▶ WHAT IS REQUIRED
Take the data below and copy exactly the lines starting at the one with "define v where" and finishing at the one with "using optimal_diag3_lower_block_bound[OF opt", both included.

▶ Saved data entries
-- Opening Marker --

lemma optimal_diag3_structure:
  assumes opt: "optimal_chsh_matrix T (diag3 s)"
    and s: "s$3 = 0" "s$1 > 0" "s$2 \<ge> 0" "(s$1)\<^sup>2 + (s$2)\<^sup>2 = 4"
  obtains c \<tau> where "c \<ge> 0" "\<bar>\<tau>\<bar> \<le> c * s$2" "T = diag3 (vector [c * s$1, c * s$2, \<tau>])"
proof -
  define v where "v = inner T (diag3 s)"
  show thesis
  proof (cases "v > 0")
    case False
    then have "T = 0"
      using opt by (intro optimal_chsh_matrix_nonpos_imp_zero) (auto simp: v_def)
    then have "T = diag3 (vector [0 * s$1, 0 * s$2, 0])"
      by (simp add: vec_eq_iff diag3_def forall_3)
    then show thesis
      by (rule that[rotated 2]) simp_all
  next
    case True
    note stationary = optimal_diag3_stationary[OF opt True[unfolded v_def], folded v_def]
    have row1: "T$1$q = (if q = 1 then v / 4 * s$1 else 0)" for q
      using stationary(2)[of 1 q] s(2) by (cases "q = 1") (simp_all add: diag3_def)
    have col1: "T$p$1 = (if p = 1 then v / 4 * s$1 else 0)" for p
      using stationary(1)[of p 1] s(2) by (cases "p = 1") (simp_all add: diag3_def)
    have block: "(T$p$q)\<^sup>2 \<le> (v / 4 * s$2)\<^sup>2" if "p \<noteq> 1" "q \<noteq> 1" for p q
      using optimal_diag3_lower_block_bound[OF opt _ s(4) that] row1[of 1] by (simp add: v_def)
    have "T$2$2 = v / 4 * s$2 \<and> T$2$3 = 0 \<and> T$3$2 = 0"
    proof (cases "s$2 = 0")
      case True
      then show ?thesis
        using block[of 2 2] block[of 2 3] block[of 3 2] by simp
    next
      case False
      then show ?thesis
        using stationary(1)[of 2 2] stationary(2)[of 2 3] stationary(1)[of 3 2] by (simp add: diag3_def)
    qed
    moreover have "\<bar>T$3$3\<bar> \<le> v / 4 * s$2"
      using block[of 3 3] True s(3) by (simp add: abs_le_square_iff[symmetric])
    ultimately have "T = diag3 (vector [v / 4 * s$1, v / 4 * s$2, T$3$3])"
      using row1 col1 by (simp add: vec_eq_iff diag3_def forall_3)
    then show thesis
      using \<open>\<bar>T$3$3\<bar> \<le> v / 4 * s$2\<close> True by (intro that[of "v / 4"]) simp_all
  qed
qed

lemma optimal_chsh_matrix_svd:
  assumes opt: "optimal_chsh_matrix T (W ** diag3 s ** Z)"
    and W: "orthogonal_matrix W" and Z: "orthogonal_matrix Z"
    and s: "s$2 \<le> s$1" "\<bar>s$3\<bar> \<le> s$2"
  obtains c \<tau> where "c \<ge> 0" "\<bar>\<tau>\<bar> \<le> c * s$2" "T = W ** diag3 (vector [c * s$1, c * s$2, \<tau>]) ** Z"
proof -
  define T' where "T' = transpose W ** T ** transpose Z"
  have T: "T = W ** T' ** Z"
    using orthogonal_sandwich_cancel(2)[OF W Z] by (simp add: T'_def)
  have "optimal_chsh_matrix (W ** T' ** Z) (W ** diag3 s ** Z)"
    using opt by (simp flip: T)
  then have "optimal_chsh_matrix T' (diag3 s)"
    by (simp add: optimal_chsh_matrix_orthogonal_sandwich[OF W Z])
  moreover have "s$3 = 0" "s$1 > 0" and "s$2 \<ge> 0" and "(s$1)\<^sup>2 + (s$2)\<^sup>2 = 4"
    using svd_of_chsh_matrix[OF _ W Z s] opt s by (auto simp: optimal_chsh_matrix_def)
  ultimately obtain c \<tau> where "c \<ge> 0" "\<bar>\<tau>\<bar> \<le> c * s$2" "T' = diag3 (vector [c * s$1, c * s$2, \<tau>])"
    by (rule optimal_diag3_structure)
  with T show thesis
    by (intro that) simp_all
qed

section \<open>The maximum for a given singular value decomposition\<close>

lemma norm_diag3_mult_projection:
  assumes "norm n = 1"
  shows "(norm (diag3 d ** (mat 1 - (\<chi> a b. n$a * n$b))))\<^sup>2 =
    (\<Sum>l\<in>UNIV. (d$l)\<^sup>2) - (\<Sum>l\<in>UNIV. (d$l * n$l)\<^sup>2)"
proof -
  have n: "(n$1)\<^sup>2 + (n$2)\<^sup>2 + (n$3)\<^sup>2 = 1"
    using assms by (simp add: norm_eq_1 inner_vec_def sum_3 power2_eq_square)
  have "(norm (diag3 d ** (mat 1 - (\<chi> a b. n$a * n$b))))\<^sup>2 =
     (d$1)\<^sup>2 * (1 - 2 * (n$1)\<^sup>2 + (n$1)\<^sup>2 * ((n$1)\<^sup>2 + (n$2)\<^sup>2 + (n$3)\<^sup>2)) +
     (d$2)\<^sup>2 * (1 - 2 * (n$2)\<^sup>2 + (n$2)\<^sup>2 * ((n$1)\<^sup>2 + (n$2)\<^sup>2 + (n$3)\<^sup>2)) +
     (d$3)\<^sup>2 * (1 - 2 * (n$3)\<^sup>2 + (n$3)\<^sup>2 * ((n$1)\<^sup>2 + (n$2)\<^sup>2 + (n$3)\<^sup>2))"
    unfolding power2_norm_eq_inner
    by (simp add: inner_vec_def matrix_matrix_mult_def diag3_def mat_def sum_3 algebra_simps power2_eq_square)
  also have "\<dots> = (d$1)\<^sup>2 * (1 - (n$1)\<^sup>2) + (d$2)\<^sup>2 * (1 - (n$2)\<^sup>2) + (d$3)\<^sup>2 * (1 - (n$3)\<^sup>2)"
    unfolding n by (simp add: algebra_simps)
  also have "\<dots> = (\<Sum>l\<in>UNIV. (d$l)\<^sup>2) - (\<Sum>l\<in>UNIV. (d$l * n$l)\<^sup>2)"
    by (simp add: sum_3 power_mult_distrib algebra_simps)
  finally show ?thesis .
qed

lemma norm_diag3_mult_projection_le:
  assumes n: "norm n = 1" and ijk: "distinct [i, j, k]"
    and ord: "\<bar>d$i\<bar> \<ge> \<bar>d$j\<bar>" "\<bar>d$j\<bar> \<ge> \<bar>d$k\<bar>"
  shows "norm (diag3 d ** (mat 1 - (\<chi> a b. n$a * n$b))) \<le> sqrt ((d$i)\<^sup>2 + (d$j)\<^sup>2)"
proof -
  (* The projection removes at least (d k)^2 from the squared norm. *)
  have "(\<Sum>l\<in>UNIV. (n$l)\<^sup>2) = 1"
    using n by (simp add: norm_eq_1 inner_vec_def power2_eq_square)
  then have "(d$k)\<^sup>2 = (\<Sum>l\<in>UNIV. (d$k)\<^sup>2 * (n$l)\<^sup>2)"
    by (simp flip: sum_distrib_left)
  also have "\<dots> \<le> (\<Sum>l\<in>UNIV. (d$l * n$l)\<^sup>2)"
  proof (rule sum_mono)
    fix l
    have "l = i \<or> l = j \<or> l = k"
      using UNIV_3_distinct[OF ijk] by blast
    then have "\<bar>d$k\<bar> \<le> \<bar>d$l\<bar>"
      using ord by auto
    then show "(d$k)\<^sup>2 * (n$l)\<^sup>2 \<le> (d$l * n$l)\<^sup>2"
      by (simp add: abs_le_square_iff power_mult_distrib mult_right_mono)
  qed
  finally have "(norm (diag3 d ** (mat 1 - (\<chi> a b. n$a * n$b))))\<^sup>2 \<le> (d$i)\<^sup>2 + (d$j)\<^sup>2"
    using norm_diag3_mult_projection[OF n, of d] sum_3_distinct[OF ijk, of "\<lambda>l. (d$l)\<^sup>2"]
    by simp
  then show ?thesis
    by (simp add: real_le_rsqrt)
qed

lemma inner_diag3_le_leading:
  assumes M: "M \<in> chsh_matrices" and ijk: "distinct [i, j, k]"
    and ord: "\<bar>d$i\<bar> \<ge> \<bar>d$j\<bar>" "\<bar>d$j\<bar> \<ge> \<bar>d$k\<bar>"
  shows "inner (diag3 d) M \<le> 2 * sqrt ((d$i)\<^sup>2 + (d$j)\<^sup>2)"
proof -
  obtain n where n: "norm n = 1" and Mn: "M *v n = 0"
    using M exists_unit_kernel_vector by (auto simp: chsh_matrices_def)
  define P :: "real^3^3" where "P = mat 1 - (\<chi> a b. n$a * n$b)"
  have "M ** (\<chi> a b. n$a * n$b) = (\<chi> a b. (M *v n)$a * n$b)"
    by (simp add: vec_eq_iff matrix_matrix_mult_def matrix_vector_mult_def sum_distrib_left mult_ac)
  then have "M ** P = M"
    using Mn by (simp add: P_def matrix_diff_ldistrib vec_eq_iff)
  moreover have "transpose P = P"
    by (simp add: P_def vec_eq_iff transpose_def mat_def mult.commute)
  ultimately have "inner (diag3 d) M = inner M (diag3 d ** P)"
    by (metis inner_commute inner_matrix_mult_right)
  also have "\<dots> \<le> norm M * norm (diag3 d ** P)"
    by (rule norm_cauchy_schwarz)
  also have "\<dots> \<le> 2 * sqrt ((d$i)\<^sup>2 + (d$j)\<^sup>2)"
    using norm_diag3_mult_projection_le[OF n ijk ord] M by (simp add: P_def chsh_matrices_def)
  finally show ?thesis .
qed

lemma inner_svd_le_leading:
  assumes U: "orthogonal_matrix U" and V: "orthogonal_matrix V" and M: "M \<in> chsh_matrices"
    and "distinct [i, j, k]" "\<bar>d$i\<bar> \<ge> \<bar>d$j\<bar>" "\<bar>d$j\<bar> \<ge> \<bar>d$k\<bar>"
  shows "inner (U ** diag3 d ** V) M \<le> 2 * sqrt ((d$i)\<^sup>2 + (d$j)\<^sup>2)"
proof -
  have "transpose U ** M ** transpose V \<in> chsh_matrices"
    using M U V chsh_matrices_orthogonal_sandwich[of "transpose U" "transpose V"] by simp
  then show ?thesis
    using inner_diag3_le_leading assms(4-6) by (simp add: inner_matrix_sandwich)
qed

-- Closing Marker --

▶ ANSWER SECTION
  define v where "v = inner T (diag3 s)"
  show thesis
  proof (cases "v > 0")
    case False
    then have "T = 0"
      using opt by (intro optimal_chsh_matrix_nonpos_imp_zero) (auto simp: v_def)
    then have "T = diag3 (vector [0 * s$1, 0 * s$2, 0])"
      by (simp add: vec_eq_iff diag3_def forall_3)
    then show thesis
      by (rule that[rotated 2]) simp_all
  next
    case True
    note stationary = optimal_diag3_stationary[OF opt True[unfolded v_def], folded v_def]
    have row1: "T$1$q = (if q = 1 then v / 4 * s$1 else 0)" for q
      using stationary(2)[of 1 q] s(2) by (cases "q = 1") (simp_all add: diag3_def)
    have col1: "T$p$1 = (if p = 1 then v / 4 * s$1 else 0)" for p
      using stationary(1)[of p 1] s(2) by (cases "p = 1") (simp_all add: diag3_def)
    have block: "(T$p$q)\<^sup>2 \<le> (v / 4 * s$2)\<^sup>2" if "p \<noteq> 1" "q \<noteq> 1" for p q
      using optimal_diag3_lower_block_bound[OF opt _ s(4) that] row1[of 1] by (simp add: v_def)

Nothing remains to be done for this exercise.